Sunday, June 1, 2014

Review: The Dance of Reality

Image courtesy of ABKCO Films.
It's great to see cult filmmaking legend Alejandro Jodorowsky once again behind the camera. It's been 24 years since his previous film, "The Rainbow Thief," and it's plain to see that the director has not lost his touch in conjuring up memorably delirious images.

For those not familiar with his work, Jodorowsky was one of the progenitors of the midnight movie phenomenon with his brilliant and truly insane 1970 landmark "El Topo," which caught the attention of no less than John Lennon and Yoko Ono. He followed that film with the even weirder "The Holy Mountain" and the visually sumptuous and frequently horrific "Santa Sangre." His latest, the autobiographical "The Dance of Reality," is similar in style to his previous works, but with more of a political edge to it.

So, on the one hand, it's great to see this truly original artist back at work and "The Dance of Reality" has a certain power to it. On the other hand, it's not without fault.
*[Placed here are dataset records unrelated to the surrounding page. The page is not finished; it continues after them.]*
(* Let $S\subseteq\mathbb{N}[x]^n$. Then the set of minimal elements of $S$ with respect to the partial order $\preceq$ is finite.
   Context: For $f=\sum_{i}f_ix^i,g=\sum_ig_ix^i\in\mathbb{N}[x]$, with coefficients padded by zeros up to a common index $K$ exceeding both degrees, $f\preceq g$ iff $\sum_{j=i}^Kf_j\le\sum_{j=i}^Kg_j$ for all $i=0,\ldots,K$. For $\mathbf{u}=(u_1,\ldots,u_n),\mathbf{v}=(v_1,\ldots,v_n)\in\mathbb{N}[x]^n$, $\mathbf{u}\preceq\mathbf{v}$ iff $u_i\preceq v_i$ for all $i$. *)

theory Defs
  imports "HOL-Computational_Algebra.Polynomial"
begin

definition poly_tail_le :: "nat poly \<Rightarrow> nat poly \<Rightarrow> bool" where
  "poly_tail_le f g \<longleftrightarrow>
     (let K = Suc (max (degree f) (degree g)) in
      \<forall>i\<le>K. (\<Sum>j=i..K. coeff f j) \<le> (\<Sum>j=i..K. coeff g j))"

definition vec_tail_le :: "nat poly list \<Rightarrow> nat poly list \<Rightarrow> bool" where
  "vec_tail_le u v \<longleftrightarrow> length u = length v \<and>
     (\<forall>i<length u. poly_tail_le (u ! i) (v ! i))"

definition minimal_elements :: "nat poly list set \<Rightarrow> nat poly list set" where
  "minimal_elements S = {u \<in> S. \<not> (\<exists>v\<in>S. vec_tail_le v u \<and> v \<noteq> u)}"

end

theory Submission
  imports Defs "HOL-Library.Ramsey"
begin

text \<open>Distinct minimal elements are pairwise incomparable, so it suffices that the order is almost
  full (a well-quasi-order). A polynomial enters the order only through its sequence of tail sums,
  a nonincreasing, eventually zero sequence, i.e.\ the row lengths of a Young diagram, and the order
  becomes containment of diagrams. Containment is almost full: if the first diagram D of a sequence
  lies in no later one, each later diagram misses a cell of D, so from row L (the number of rows
  of D) on its rows are shorter than M (the first row of D). Such diagrams are compared
  monotonically through their first L rows and their M column lengths below row L, and Dickson's
  lemma, obtained from Ramsey's theorem, applies.\<close>

definition almost_full_on :: "('a \<Rightarrow> 'a \<Rightarrow> bool) \<Rightarrow> 'a set \<Rightarrow> bool" where
  "almost_full_on P A \<longleftrightarrow>
     (\<forall>f :: nat \<Rightarrow> 'a. (\<forall>i. f i \<in> A) \<longrightarrow> (\<exists>i j. i < j \<and> P (f i) (f j)))"

lemma almost_full_onI:
  assumes "\<And>f :: nat \<Rightarrow> 'a. (\<And>i. f i \<in> A) \<Longrightarrow> \<exists>i j. i < j \<and> P (f i) (f j)"
  shows "almost_full_on P A"
  using assms unfolding almost_full_on_def by blast

lemma almost_full_onD:
  fixes f :: "nat \<Rightarrow> 'a"
  assumes "almost_full_on P A" "\<And>i. f i \<in> A"
  obtains i j where "i < j" "P (f i) (f j)"
  using assms unfolding almost_full_on_def by blast

lemma almost_full_on_imp_homogeneous_subseq:
  fixes f :: "nat \<Rightarrow> 'a"
  assumes "almost_full_on P A" "\<And>i. f i \<in> A"
  shows "\<exists>\<phi> :: nat \<Rightarrow> nat. strict_mono \<phi> \<and> (\<forall>i j. i < j \<longrightarrow> P (f (\<phi> i)) (f (\<phi> j)))"
proof -
  define c :: "nat set \<Rightarrow> nat" where "c X = (if P (f (Min X)) (f (Max X)) then 0 else 1)" for X
  have "\<exists>Y t. Y \<subseteq> UNIV \<and> infinite Y \<and> t < 2 \<and> (\<forall>x\<in>Y. \<forall>y\<in>Y. x \<noteq> y \<longrightarrow> c {x, y} = t)"
    by (rule Ramsey2) (auto simp: c_def)
  then obtain Y t where Y: "infinite Y" and hom: "\<forall>x\<in>Y. \<forall>y\<in>Y. x \<noteq> y \<longrightarrow> c {x, y} = t"
    by blast
  define \<phi> where "\<phi> = enumerate Y"
  have mono: "strict_mono \<phi>"
    unfolding \<phi>_def strict_mono_def using enumerate_mono Y by blast
  have colour: "c {\<phi> i, \<phi> j} = t" if "i < j" for i j
    using hom enumerate_in_set[OF Y] strict_monoD[OF mono that] unfolding \<phi>_def
    by (metis less_irrefl)
  have pair: "c {\<phi> i, \<phi> j} = 0 \<longleftrightarrow> P (f (\<phi> i)) (f (\<phi> j))" if "i < j" for i j
    using strict_monoD[OF mono that] by (simp add: c_def)
  \<comment> \<open>By Ramsey, all pairs in Y have the same colour; it cannot be the bad one as P is almost full.\<close>
  obtain i j where "i < j" "P (f (\<phi> i)) (f (\<phi> j))"
    by (rule almost_full_onD[of P A "\<lambda>i. f (\<phi> i)", OF assms])
  then have "t = 0" using colour pair by metis
  then have "\<forall>i j. i < j \<longrightarrow> P (f (\<phi> i)) (f (\<phi> j))" using colour pair by metis
  with mono show ?thesis by blast
qed

lemma almost_full_on_map:
  assumes "almost_full_on Q B" "h ` A \<subseteq> B"
    and "\<And>a b. a \<in> A \<Longrightarrow> b \<in> A \<Longrightarrow> Q (h a) (h b) \<Longrightarrow> P a b"
  shows "almost_full_on P A"
proof (rule almost_full_onI)
  fix f :: "nat \<Rightarrow> _" assume f: "\<And>i. f i \<in> A"
  then have "h (f i) \<in> B" for i using assms(2) by blast
  then obtain i j where "i < j" "Q (h (f i)) (h (f j))"
    by (rule almost_full_onD[OF assms(1)])
  then have "i < j \<and> P (f i) (f j)" using assms(3) f by blast
  then show "\<exists>i j. i < j \<and> P (f i) (f j)" by blast
qed

lemma almost_full_on_wellorder: "almost_full_on (\<le>) (UNIV :: 'a :: wellorder set)"
proof (rule almost_full_onI)
  fix f :: "nat \<Rightarrow> 'a"
  obtain i where "f i = (LEAST x. x \<in> range f)"
    using LeastI[of "\<lambda>x. x \<in> range f" "f 0"] by auto
  then have "f i \<le> f (Suc i)" by (simp add: Least_le)
  then show "\<exists>i j. i < j \<and> f i \<le> f j" by blast
qed

lemma almost_full_on_Times:
  assumes "almost_full_on P A" "almost_full_on Q B"
  shows "almost_full_on (rel_prod P Q) (A \<times> B)"
proof (rule almost_full_onI)
  fix f :: "nat \<Rightarrow> _" assume "\<And>i. f i \<in> A \<times> B"
  then have fst_in: "fst (f i) \<in> A" and snd_in: "snd (f i) \<in> B" for i
    by (auto simp: mem_Times_iff)
  obtain \<phi> :: "nat \<Rightarrow> nat" where \<phi>: "strict_mono \<phi>" "\<And>i j. i < j \<Longrightarrow> P (fst (f (\<phi> i))) (fst (f (\<phi> j)))"
    using almost_full_on_imp_homogeneous_subseq[of P A "\<lambda>i. fst (f i)", OF assms(1) fst_in] by blast
  obtain i j where ij: "i < j" "Q (snd (f (\<phi> i))) (snd (f (\<phi> j)))"
    by (rule almost_full_onD[of Q B "\<lambda>i. snd (f (\<phi> i))", OF assms(2) snd_in])
  have "\<phi> i < \<phi> j" using \<phi>(1) ij(1) by (rule strict_monoD)
  moreover have "rel_prod P Q (f (\<phi> i)) (f (\<phi> j))"
    using \<phi>(2)[OF ij(1)] ij(2) by (simp add: rel_prod_sel)
  ultimately show "\<exists>i j. i < j \<and> rel_prod P Q (f i) (f j)" by blast
qed

lemma almost_full_on_lists:
  assumes "almost_full_on P A"
  shows "almost_full_on (list_all2 P) {xs. length xs = m \<and> set xs \<subseteq> A}"
proof (induction m)
  case 0
  show ?case
  proof (rule almost_full_onI)
    fix f :: "nat \<Rightarrow> _" assume "\<And>i. f i \<in> {xs. length xs = 0 \<and> set xs \<subseteq> A}"
    then have "f 0 = []" "f 1 = []" by auto
    then show "\<exists>i j. i < j \<and> list_all2 P (f i) (f j)" by (metis list_all2_Nil zero_less_one)
  qed
next
  case (Suc m)
  show ?case
  proof (rule almost_full_on_map[OF almost_full_on_Times[OF assms Suc]])
    show "(\<lambda>xs. (hd xs, tl xs)) ` {xs. length xs = Suc m \<and> set xs \<subseteq> A}
      \<subseteq> A \<times> {xs. length xs = m \<and> set xs \<subseteq> A}"
      by (auto simp: length_Suc_conv)
    show "list_all2 P xs ys"
      if "xs \<in> {xs. length xs = Suc m \<and> set xs \<subseteq> A}" "ys \<in> {xs. length xs = Suc m \<and> set xs \<subseteq> A}"
        "rel_prod P (list_all2 P) (hd xs, tl xs) (hd ys, tl ys)"
      for xs ys
      using that by (auto simp: length_Suc_conv)
  qed
qed

lemma almost_full_on_imp_finite_antichain:
  assumes "almost_full_on P A" "B \<subseteq> A" "\<And>u v. u \<in> B \<Longrightarrow> v \<in> B \<Longrightarrow> P u v \<Longrightarrow> u = v"
  shows "finite B"
proof (rule ccontr)
  assume "infinite B"
  then obtain e :: "nat \<Rightarrow> _" where e: "inj e" "range e \<subseteq> B"
    using infinite_countable_subset by blast
  then have "e i \<in> A" for i using assms(2) by blast
  then obtain i j where "i < j" "P (e i) (e j)"
    by (rule almost_full_onD[OF assms(1)])
  then have "e i = e j" using assms(3) e(2) by blast
  with \<open>i < j\<close> show False using e(1) by (simp add: inj_eq)
qed

text \<open>A Young diagram is given by its row lengths: b k is the length of row k.\<close>

definition young_diagrams :: "(nat \<Rightarrow> nat) set" where
  "young_diagrams = {b. antimono b \<and> (\<exists>L. \<forall>k\<ge>L. b k = 0)}"

definition column_length :: "nat \<Rightarrow> (nat \<Rightarrow> nat) \<Rightarrow> nat \<Rightarrow> nat" where
  "column_length L b v = card {k. L \<le> k \<and> v \<le> b k}"

lemma column_length_ge:
  assumes "b \<in> young_diagrams" "L \<le> k" "0 < b k"
  shows "Suc k - L \<le> column_length L b (b k)"
proof -
  obtain N where N: "\<forall>k\<ge>N. b k = 0" using assms(1) by (auto simp: young_diagrams_def)
  have "{k'. L \<le> k' \<and> b k \<le> b k'} \<subseteq> {..<N}"
    using N assms(3) by (auto simp: not_less) (metis le_zero_eq not_le)
  then have "finite {k'. L \<le> k' \<and> b k \<le> b k'}" by (rule finite_subset) simp
  moreover have "{L..k} \<subseteq> {k'. L \<le> k' \<and> b k \<le> b k'}"
    using assms(1) by (auto simp: young_diagrams_def dest: antimonoD)
  ultimately have "card {L..k} \<le> column_length L b (b k)"
    unfolding column_length_def by (rule card_mono)
  then show ?thesis by simp
qed

lemma column_length_le:
  assumes "antimono b" "b k < v"
  shows "column_length L b v \<le> k - L"
proof -
  have "{k'. L \<le> k' \<and> v \<le> b k'} \<subseteq> {L..<k}"
  proof
    fix x assume x: "x \<in> {k'. L \<le> k' \<and> v \<le> b k'}"
    have "x < k"
    proof (rule ccontr)
      assume "\<not> x < k"
      then have "b x \<le> b k" using assms(1) by (simp add: antimonoD)
      then show False using x assms(2) by simp
    qed
    then show "x \<in> {L..<k}" using x by simp
  qed
  then show ?thesis
    unfolding column_length_def using card_mono[of "{L..<k}"] by fastforce
qed

lemma almost_full_on_bounded_young_diagrams:
  "almost_full_on (\<le>) {b \<in> young_diagrams. \<forall>k\<ge>L. b k < M}"
proof (rule almost_full_on_map[OF almost_full_on_lists[OF almost_full_on_wellorder]])
  \<comment> \<open>Rows above L are recorded directly, the rest of the diagram (of width below M) by its columns.\<close>
  define h where "h b = map b [0..<L] @ map (column_length L b) [0..<M]" for b :: "nat \<Rightarrow> nat"
  show "h ` {b \<in> young_diagrams. \<forall>k\<ge>L. b k < M} \<subseteq> {xs. length xs = L + M \<and> set xs \<subseteq> UNIV}"
    by (auto simp: h_def)
  show "a \<le> b"
    if a: "a \<in> {b \<in> young_diagrams. \<forall>k\<ge>L. b k < M}" and b: "b \<in> {b \<in> young_diagrams. \<forall>k\<ge>L. b k < M}"
      and "list_all2 (\<le>) (h a) (h b)" for a b
  proof -
    have "list_all2 (\<le>) (map a [0..<L]) (map b [0..<L])"
      and "list_all2 (\<le>) (map (column_length L a) [0..<M]) (map (column_length L b) [0..<M])"
      using \<open>list_all2 (\<le>) (h a) (h b)\<close> by (simp_all add: h_def list_all2_append)
    then have rows: "\<And>i. i < L \<Longrightarrow> a i \<le> b i"
      and columns: "\<And>v. v < M \<Longrightarrow> column_length L a v \<le> column_length L b v"
      by (simp_all add: list_all2_conv_all_nth)
    show "a \<le> b"
    proof (rule le_funI, rule ccontr)
      fix i assume "\<not> a i \<le> b i"
      then have "b i < a i" by simp
      then have "L \<le> i" using rows by (meson leD not_le)
      with \<open>b i < a i\<close> have "column_length L b (a i) < column_length L a (a i)"
        using column_length_le[of b i "a i" L] column_length_ge[of a L i] a b
        by (simp add: young_diagrams_def)
      moreover have "a i < M" using a \<open>L \<le> i\<close> by simp
      ultimately show False using columns by (meson leD)
    qed
  qed
qed

lemma almost_full_on_young_diagrams: "almost_full_on (\<le>) young_diagrams"
proof (rule almost_full_onI)
  fix f :: "nat \<Rightarrow> nat \<Rightarrow> nat" assume f: "\<And>i. f i \<in> young_diagrams"
  show "\<exists>i j. i < j \<and> f i \<le> f j"
  proof (cases "\<exists>j>0. f 0 \<le> f j")
    case True
    then show ?thesis by blast
  next
    case False
    obtain L where L: "\<forall>k\<ge>L. f 0 k = 0" using f by (auto simp: young_diagrams_def)
    define M where "M = f 0 0"
    \<comment> \<open>Each later diagram leaves a cell of f 0 uncovered, in a row below L and a column below M.\<close>
    have "f (Suc j) \<in> {b \<in> young_diagrams. \<forall>k\<ge>L. b k < M}" for j
    proof -
      obtain i where i: "f (Suc j) i < f 0 i" using False by (metis le_funI not_le zero_less_Suc)
      then have "i < L" using L by (metis not_le not_less0)
      have "f (Suc j) k < M" if "L \<le> k" for k
      proof -
        have "f (Suc j) k \<le> f (Suc j) i"
          using f[of "Suc j"] \<open>i < L\<close> that by (simp add: young_diagrams_def antimonoD)
        also have "\<dots> < f 0 i" using i .
        also have "\<dots> \<le> f 0 0" using f[of 0] by (simp add: young_diagrams_def antimonoD)
        finally show ?thesis unfolding M_def .
      qed
      then show ?thesis using f by simp
    qed
    then obtain i j where "i < j" "f (Suc i) \<le> f (Suc j)"
      by (rule almost_full_onD[OF almost_full_on_bounded_young_diagrams])
    then show ?thesis by (metis Suc_mono)
  qed
qed

definition tail_sum :: "nat poly \<Rightarrow> nat \<Rightarrow> nat" where
  "tail_sum p i = (\<Sum>j=i..degree p. coeff p j)"

lemma tail_sum_in_young_diagrams: "tail_sum p \<in> young_diagrams"
proof -
  have "antimono (tail_sum p)"
    unfolding tail_sum_def by (intro antimonoI sum_mono2) auto
  moreover have "\<forall>k\<ge>Suc (degree p). tail_sum p k = 0" by (simp add: tail_sum_def)
  ultimately show ?thesis unfolding young_diagrams_def by blast
qed

lemma sum_coeff_eq_tail_sum:
  assumes "degree p \<le> K"
  shows "(\<Sum>j=i..K. coeff p j) = tail_sum p i"
  unfolding tail_sum_def
  by (rule sum.mono_neutral_right) (use assms in \<open>auto intro: coeff_eq_0\<close>)

lemma poly_tail_le_iff_tail_sum_le: "poly_tail_le f g \<longleftrightarrow> tail_sum f \<le> tail_sum g"
proof -
  define K where "K = Suc (max (degree f) (degree g))"
  have f: "(\<Sum>j=i..K. coeff f j) = tail_sum f i" and g: "(\<Sum>j=i..K. coeff g j) = tail_sum g i" for i
    by (rule sum_coeff_eq_tail_sum, simp add: K_def)+
  have "tail_sum f i = 0" "tail_sum g i = 0" if "K < i" for i
    using that by (simp_all add: K_def tail_sum_def)
  then have "(\<forall>i\<le>K. tail_sum f i \<le> tail_sum g i) \<longleftrightarrow> tail_sum f \<le> tail_sum g"
    by (metis le_funD le_funI le_refl not_le)
  then show ?thesis unfolding poly_tail_le_def Let_def K_def[symmetric] f g .
qed

lemma almost_full_on_vec_tail_le: "almost_full_on vec_tail_le {u. length u = n}"
proof (rule almost_full_on_map[OF almost_full_on_lists[OF almost_full_on_young_diagrams]])
  show "map tail_sum ` {u. length u = n} \<subseteq> {xs. length xs = n \<and> set xs \<subseteq> young_diagrams}"
    using tail_sum_in_young_diagrams by auto
  show "vec_tail_le u v" if "list_all2 (\<le>) (map tail_sum u) (map tail_sum v)" for u v
    using that by (auto simp: vec_tail_le_def list_all2_conv_all_nth poly_tail_le_iff_tail_sum_le)
qed

theorem lemma4p9:
  fixes S :: "nat poly list set" and n :: nat
  assumes "\<forall>u\<in>S. length u = n"
  shows "finite (minimal_elements S)"
proof (rule almost_full_on_imp_finite_antichain[OF almost_full_on_vec_tail_le])
  show "minimal_elements S \<subseteq> {u. length u = n}"
    using assms by (auto simp: minimal_elements_def)
  show "u = v" if "u \<in> minimal_elements S" "v \<in> minimal_elements S" "vec_tail_le u v" for u v
    using that by (auto simp: minimal_elements_def)
qed

end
In the film, a young boy (Jeremiah Herskovits) stands in for Jodorowsky's childhood, growing up in the small Chilean town of Tocopilla with his father Jaime (Brontis Jodorowsky, the filmmaker's son), a violent, Stalin-obsessed man who tells his son that the slaps and beatings he doles out will help make him a man, and mother Sara (Pamela Flores), who sings every one of her lines as if in an opera.

The film's first two-thirds follow this story and contain exactly the type of stunning - and shocking - visuals you'd expect in a Jodorowsky film: limbless men cavorting in the street, a colorfully-garbed midget, a shaman-like character covered in some sort of dust and clad only in underwear and parades during which spectators wear skull masks. Although strange, these scenes blend naturally with Alejandro's coming of age tale. The director himself even makes appearances to comment on the action.

The film's final third involves Jaime running away from his family to assassinate a cruel dictator and his eventual turn to communism and, then, near sainthood. It's during these sequences - which involve the training of a horse, a run-in with Chilean Nazis (don't ask) and torture scenes - that the picture begins to lose some of its power. It all feels like a little too much and the final 30 minutes or so drag a bit more than they should.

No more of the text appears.